Литература, однако, была в то время для Кагана лишь служанкой образования. Его карьера как писателя Ист-Сайда была прежде всего карьерой учителя. Он хотел не просто просвещать невежественные массы людей в доктринах социализма, но учить их основам науки и литературы. По этой причине он писал на популярном «жаргоне», популяризировал науку, писал социалистические статьи, увещевал в целом. Время от времени он публиковал юмористические очерки, предназначенные, однако, всегда для того, чтобы указать на мораль или передать какую-то необходимую информацию. Литературой как таковой он в то время как автор не интересовался. Только несколько лет спустя, когда он взял в руки английское перо, он попытался применить на практике идеи о том, что составляет настоящую литературу, к которым он пытался приобщить гетто.

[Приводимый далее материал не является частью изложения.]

lemma has_real_derivative_powr_comb:
  "0 < r \<Longrightarrow> (powr_comb L has_real_derivative powr_comb (powr_comb_deriv L) r) (at r)"
proof (induction L)
  case Nil then show ?case by (simp add: powr_comb_def[abs_def])
next
  case (Cons p L)
  obtain a s where p: "p = (a, s)" by force
  have "((\<lambda>r. a * r powr s + powr_comb L r) has_real_derivative
      a * (s * r powr (s - 1)) + powr_comb (powr_comb_deriv L) r) (at r)"
    by (intro DERIV_add DERIV_cmult has_real_derivative_powr Cons)
  then show ?case unfolding p by (simp add: mult.assoc)
qed

lemma smooth_on_powr_comb:
  "smooth_on S R \<Longrightarrow> (\<And>z. z \<in> S \<Longrightarrow> 0 < R z) \<Longrightarrow> smooth_on S (\<lambda>z. powr_comb L (R z))"
proof (induction L)
  case Nil then show ?case by (simp add: smooth_on_const smooth_on_open)
next
  case (Cons p L)
  obtain a s where p: "p = (a, s)" by force
  have "smooth_on S (\<lambda>z. a * R z powr s + powr_comb L (R z))"
    by (intro smooth_on_add smooth_on_cmult smooth_on_powr Cons) (use Cons in auto)
  then show ?case unfolding p by simp
qed

lemma smooth_on_comp_powr_comb:
  assumes "\<And>r. 0 < r \<Longrightarrow> \<phi> r = powr_comb L r" "smooth_on S R" "\<And>z. z \<in> S \<Longrightarrow> 0 < R z"
  shows "smooth_on S (\<lambda>z. \<phi> (R z))"
  by (rule smooth_on_cong[OF smooth_on_powr_comb[OF assms(2,3)]]) (use assms in auto)

lemma has_real_derivative_eq_powr_comb:
  assumes "\<And>r. 0 < r \<Longrightarrow> \<phi> r = powr_comb L r" "0 < r"
  shows "(\<phi> has_real_derivative powr_comb (powr_comb_deriv L) r) (at r)"
  by (rule has_field_derivative_transform_within_open[OF has_real_derivative_powr_comb[OF assms(2)],
        of "{0<..}"])
     (use assms in auto)

lemma ddir_comp_powr_comb:
  assumes "\<And>r. 0 < r \<Longrightarrow> \<phi> r = powr_comb L r" "smooth_on S R" "z \<in> S" "0 < R z"
  shows "ddir v (\<lambda>z. \<phi> (R z)) z = powr_comb (powr_comb_deriv L) (R z) * ddir v R z"
  by (rule ddir_chain[OF smooth_on_dir_differentiable[OF assms(2)] assms(3)
        has_real_derivative_eq_powr_comb[OF assms(1,4)]])

definition h_terms :: "real \<Rightarrow> real \<Rightarrow> (real \<times> real) list" where
  "h_terms \<epsilon> \<gamma> = [(1, 1), (\<epsilon>, 7/8), (\<epsilon>, \<gamma>)]"

lemma hfun_eq_powr_comb: "0 < r \<Longrightarrow> hfun \<epsilon> \<gamma> r = powr_comb (h_terms \<epsilon> \<gamma>) r"
  by (simp add: hfun_def h_terms_def)

lemma hp_eq_powr_comb: "0 < r \<Longrightarrow> hp \<epsilon> \<gamma> r = powr_comb (powr_comb_deriv (h_terms \<epsilon> \<gamma>)) r"
  unfolding hp_def by (rule DERIV_imp_deriv[OF has_real_derivative_eq_powr_comb[OF hfun_eq_powr_comb]])

lemma hp_eq: "0 < r \<Longrightarrow> hp \<epsilon> \<gamma> r = 1 + \<epsilon> * (7/8) * r powr (-1/8) + \<epsilon> * \<gamma> * r powr (\<gamma> - 1)"
  by (simp add: hp_eq_powr_comb h_terms_def)

definition g_terms :: "real \<Rightarrow> real \<Rightarrow> (real \<times> real) list" where
  "g_terms \<epsilon> \<gamma> = [(- \<epsilon> / 8, 7/8), (\<epsilon> * (\<gamma> - 1), \<gamma>)]"

lemma gfun_eq_powr_comb:
  assumes r: "0 < r"
  shows "gfun \<epsilon> \<gamma> r = powr_comb (g_terms \<epsilon> \<gamma>) r"
proof -
  have "gfun \<epsilon> \<gamma> r = \<epsilon> * (7/8) * (r * r powr (-1/8)) + \<epsilon> * \<gamma> * (r * r powr (\<gamma> - 1))
          - \<epsilon> * r powr (7/8) - \<epsilon> * r powr \<gamma>"
    unfolding gfun_def hp_eq[OF r] hfun_def by (simp add: algebra_simps)
  also have "\<dots> = powr_comb (g_terms \<epsilon> \<gamma>) r"
    using r by (simp add: powr_mult_base g_terms_def algebra_simps)
  finally show ?thesis .
qed

definition ptil_terms :: "real \<Rightarrow> (real \<times> real) list" where
  "ptil_terms \<epsilon> = [(lam \<epsilon>, 1 / \<epsilon>\<^sup>2), (lam \<epsilon>, - 1 / \<epsilon>\<^sup>2)]"

lemma ptil_eq_powr_comb: "0 < r \<Longrightarrow> ptil \<epsilon> r = powr_comb (ptil_terms \<epsilon>) r"
  by (simp add: ptil_def ptil_terms_def algebra_simps)

lemma sqrt_eq_powr_comb: "0 < r \<Longrightarrow> sqrt r = powr_comb [(1, 1/2)] r"
  by (simp add: powr_half_sqrt)

text \<open>\<Phi> with \<Phi>' = h'/(2 sqrt r), so that h'(\<rho>) \<nabla>sqrt \<rho> = \<nabla>\<Phi>(\<rho>).\<close>

definition Phi_terms :: "real \<Rightarrow> real \<Rightarrow> (real \<times> real) list" where
  "Phi_terms \<epsilon> \<gamma> = [(1, 1/2), (7 * \<epsilon> / 6, 3/8), (\<epsilon> * \<gamma> / (2 * \<gamma> - 1), \<gamma> - 1/2)]"

lemma powr_comb_deriv_Phi_terms:
  assumes r: "0 < r" and \<gamma>: "1 < \<gamma>"
  shows "powr_comb (powr_comb_deriv (Phi_terms \<epsilon> \<gamma>)) r = hp \<epsilon> \<gamma> r / (2 * sqrt r)"
proof -
  have inv_sqrt: "1 / sqrt r = r powr (-1/2)"
    using r by (simp add: powr_minus_divide powr_half_sqrt)
  have "hp \<epsilon> \<gamma> r / (2 * sqrt r) =
      (1 + \<epsilon> * (7/8) * r powr (-1/8) + \<epsilon> * \<gamma> * r powr (\<gamma> - 1)) * (1 / sqrt r) / 2"
    unfolding hp_eq[OF r] by simp
  also have "\<dots> = (r powr (-1/2) + \<epsilon> * (7/8) * (r powr (-1/8) * r powr (-1/2))
        + \<epsilon> * \<gamma> * (r powr (\<gamma> - 1) * r powr (-1/2))) / 2"
    unfolding inv_sqrt by (simp add: algebra_simps)
  also have "\<dots> = (r powr (-1/2) + \<epsilon> * (7/8) * r powr (-5/8) + \<epsilon> * \<gamma> * r powr (\<gamma> - 3/2)) / 2"
    by (simp add: powr_add[symmetric])
  also have "\<dots> = powr_comb (powr_comb_deriv (Phi_terms \<epsilon> \<gamma>)) r"
    using \<gamma> by (simp add: Phi_terms_def field_simps)
  finally show ?thesis by simp
qed

text \<open>The terms of f and of p, scaled by c = \<mu> \<lambda>; ffun has junk values where an
  exponent equals 1.\<close>

definition ffun_terms :: "real \<Rightarrow> (real \<times> real) list \<Rightarrow> (real \<times> real) list" where
  "ffun_terms c L = map (\<lambda>(a, s). (c * (a / (s - 1)), s)) L"

definition scaled_terms :: "real \<Rightarrow> (real \<times> real) list \<Rightarrow> (real \<times> real) list" where
  "scaled_terms c L = map (\<lambda>(a, s). (c * a, s)) L"

lemma powr_comb_ffun_terms:
  "c * sum_list (map (\<lambda>(a, s). a / (s - 1) * r powr s) L) = powr_comb (ffun_terms c L) r"
  by (induction L) (auto simp: ffun_terms_def algebra_simps)

lemma powr_comb_scaled_terms:
  "c * sum_list (map (\<lambda>(a, s). a * r powr s) L) = powr_comb (scaled_terms c L) r"
  by (induction L) (auto simp: scaled_terms_def algebra_simps)

lemma ffun_terms_second_deriv:
  assumes "\<forall>(a, s)\<in>set L. s \<noteq> 1" "0 < r"
  shows "r * powr_comb (powr_comb_deriv (powr_comb_deriv (ffun_terms c L))) r
       = powr_comb (powr_comb_deriv (scaled_terms c L)) r"
  using assms(1)
proof (induction L)
  case (Cons p L)
  obtain a s where p: "p = (a, s)" by force
  have s: "s \<noteq> 1" using Cons.prems p by auto
  have "r * (c * (a / (s - 1)) * s * (s - 1) * r powr (s - 1 - 1)) = c * a * s * (r * r powr (s - 2))"
    using s by (simp add: field_simps)
  also have "\<dots> = c * a * s * r powr (s - 1)"
    using assms(2) by (simp add: powr_mult_base)
  finally show ?case using Cons by (simp add: p ffun_terms_def scaled_terms_def algebra_simps)
qed (simp add: ffun_terms_def scaled_terms_def)

definition internal_energy_terms :: "real \<Rightarrow> real \<Rightarrow> real \<Rightarrow> real \<Rightarrow> (real \<times> real) list" where
  "internal_energy_terms \<nu> \<kappa> \<epsilon> \<gamma> =
     (1 / (\<gamma> - 1), \<gamma>) # ffun_terms (mu \<nu> \<kappa> * lam \<epsilon>) (pterms \<epsilon> \<gamma>)"

definition pressure_terms :: "real \<Rightarrow> real \<Rightarrow> real \<Rightarrow> real \<Rightarrow> (real \<times> real) list" where
  "pressure_terms \<nu> \<kappa> \<epsilon> \<gamma> = (1, \<gamma>) # scaled_terms (mu \<nu> \<kappa> * lam \<epsilon>) (pterms \<epsilon> \<gamma>)"

lemma internal_energy_eq_powr_comb:
  "r powr \<gamma> / (\<gamma> - 1) + ffun \<nu> \<kappa> \<epsilon> \<gamma> r = powr_comb (internal_energy_terms \<nu> \<kappa> \<epsilon> \<gamma>) r"
  using powr_comb_ffun_terms[of "mu \<nu> \<kappa> * lam \<epsilon>" r "pterms \<epsilon> \<gamma>"]
  by (simp add: ffun_def internal_energy_terms_def)

lemma pressure_eq_powr_comb:
  "r powr \<gamma> + pfun \<nu> \<kappa> \<epsilon> \<gamma> r = powr_comb (pressure_terms \<nu> \<kappa> \<epsilon> \<gamma>) r"
  using powr_comb_scaled_terms[of "mu \<nu> \<kappa> * lam \<epsilon>" r "pterms \<epsilon> \<gamma>"]
  by (simp add: pfun_def pressure_terms_def)

lemma pterms_exponents_ne_1:
  assumes "0 < \<epsilon>" "\<epsilon> < 1/2" "\<epsilon>\<^sup>2 * (\<gamma> - 1) < 1" "1 < \<gamma>"
  shows "\<forall>(a, s)\<in>set (pterms \<epsilon> \<gamma>). s \<noteq> 1"
proof -
  have "\<epsilon>\<^sup>2 < (1/2)\<^sup>2" using assms by (intro power_strict_mono) auto
  then have "4 < 1 / \<epsilon>\<^sup>2" using assms(1) by (simp add: field_simps power2_eq_square)
  moreover have "\<gamma> - 1 < 1 / \<epsilon>\<^sup>2" using assms(1,3) by (simp add: field_simps)
  ultimately show ?thesis unfolding pterms_def using assms(4) by (auto simp: field_simps)
qed

lemma internal_energy_pressure_relation:
  assumes "\<forall>(a, s)\<in>set (pterms \<epsilon> \<gamma>). s \<noteq> 1" "0 < r" "1 < \<gamma>"
  shows "r * powr_comb (powr_comb_deriv (powr_comb_deriv (internal_energy_terms \<nu> \<kappa> \<epsilon> \<gamma>))) r
       = powr_comb (powr_comb_deriv (pressure_terms \<nu> \<kappa> \<epsilon> \<gamma>)) r"
proof -
  have "r * (1 / (\<gamma> - 1) * \<gamma> * (\<gamma> - 1) * r powr (\<gamma> - 1 - 1)) = \<gamma> * (r * r powr (\<gamma> - 2))"
    using assms(3) by (simp add: field_simps)
  also have "\<dots> = \<gamma> * r powr (\<gamma> - 1)"
    using assms(2) by (simp add: powr_mult_base)
  finally show ?thesis
    using ffun_terms_second_deriv[OF assms(1,2)]
    by (simp add: internal_energy_terms_def pressure_terms_def algebra_simps)
qed

section \<open>Pointwise algebra of the energy balance\<close>

text \<open>Values at one point; du i j stands for the derivative of u_j in direction i.\<close>

lemma stress_contraction:
  fixes du :: "'i::finite \<Rightarrow> 'i \<Rightarrow> real"
  shows "(\<Sum>i\<in>UNIV. \<Sum>j\<in>UNIV. (H * ((du j i + du i j) / 2)
            + (if i = j then G * (\<Sum>k\<in>UNIV. du k k) else 0)) * du i j)
    = H * (\<Sum>i\<in>UNIV. \<Sum>j\<in>UNIV. ((du j i + du i j) / 2) * ((du j i + du i j) / 2))
      + G * ((\<Sum>k\<in>UNIV. du k k) * (\<Sum>k\<in>UNIV. du k k))"
proof -
  define D where "D i j = (du j i + du i j) / 2" for i j
  define K where "K = (\<Sum>k\<in>UNIV. du k k)"
  have swap: "(\<Sum>i\<in>UNIV. \<Sum>j\<in>UNIV. D i j * du j i) = (\<Sum>i\<in>UNIV. \<Sum>j\<in>UNIV. D i j * du i j)"
    by (subst sum.swap) (simp add: D_def add.commute)
  have "D i j * D i j = (D i j * du j i + D i j * du i j) / 2" for i j
    unfolding D_def[of i j] by (simp add: algebra_simps add_divide_distrib)
  then have D_sq: "(\<Sum>i\<in>UNIV. \<Sum>j\<in>UNIV. D i j * D i j) = (\<Sum>i\<in>UNIV. \<Sum>j\<in>UNIV. D i j * du i j)"
    by (simp only: sum_divide_distrib[symmetric] sum.distrib swap) simp
  have "(\<Sum>j\<in>UNIV. (if i = j then G * K else 0) * du i j) = G * K * du i i" for i
    by (simp add: if_distrib[of "\<lambda>x. x * _"] cong: if_cong)
  then have trace: "(\<Sum>i\<in>UNIV. \<Sum>j\<in>UNIV. (if i = j then G * K else 0) * du i j) = G * (K * K)"
    by (simp add: sum_distrib_left[symmetric] K_def)
  have "(\<Sum>i\<in>UNIV. \<Sum>j\<in>UNIV. (H * D i j + (if i = j then G * K else 0)) * du i j)
      = H * (\<Sum>i\<in>UNIV. \<Sum>j\<in>UNIV. D i j * du i j)
        + (\<Sum>i\<in>UNIV. \<Sum>j\<in>UNIV. (if i = j then G * K else 0) * du i j)"
    by (simp add: distrib_right sum.distrib sum_distrib_left mult.assoc)
  then show ?thesis unfolding D_def[symmetric] K_def[symmetric] trace D_sq by simp
qed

Яростный индивидуализм, который, вопреки социалистической доктрине, является характерной чертой интеллектуальной среды гетто, вскоре привел к ослабляющим последствиям. Произошло неизбежное. Среди социалистов начались раздоры, партия раскололась, каждая фракция организовала свою социалистическую газету, и движение, как следствие, утратило значимость и всеобщую популярность. В 1896 году Каган ушел с поста редактора и с отвращением оставил эту работу.

С того времени его интерес к социализму угас, хотя он по-прежнему причисляет себя к сторонникам этого знамени; а его другой поглощающий интерес, реалистическая литература, рос стремительно, пока теперь не вытеснил все остальное. Как это часто бывает с людьми с богатым воображением и эмоциональностью, он всецело предан одной интеллектуальной страсти. Когда он был активным социалистом, он не хотел быть никем иным. Он бросил изучение права и посвятил себя неоплачиваемой общественной деятельности. Когда начались ожесточенные, но мелкие личные распри, приведшие к нынешнему запутанному состоянию социализма в гетто, неизменно сильное восхищение Кагана гениальными русскими писателями и их литературной школой побудило его экспериментировать с английским языком, который предоставлял гораздо более широкое поле деятельности, чем «жаргон». Всегда реформатор, всегда полный какой-то идеи, которую он хотел распространить по всей стране, Каган взялся за дело реализма в английской художественной литературе с той же страстью и энергией, с какой он когда-то увлекся социализмом. Он стал партизаном в литературе, точно так же, как был партизаном в активной жизни. Среди американцев он восхищался У. Д. Хоуэлсом, который, казалось ему, писал в подобающем духе, но он чувствовал, что американцы как класс безнадежно «романтичны», «нереалистичны» и неразвиты в своих литературных вкусах и стандартах. Он поставил себе целью писать на английском языке рассказы и книги, которые должны были стать по меньшей мере подлинными художественными отражениями жизни, и ему удивительно удалось избежать в своих работах каких-либо явных доктринерских элементов — что указывает на великую художественную сдержанность, если учесть, насколько этот человек полон своей доктрины.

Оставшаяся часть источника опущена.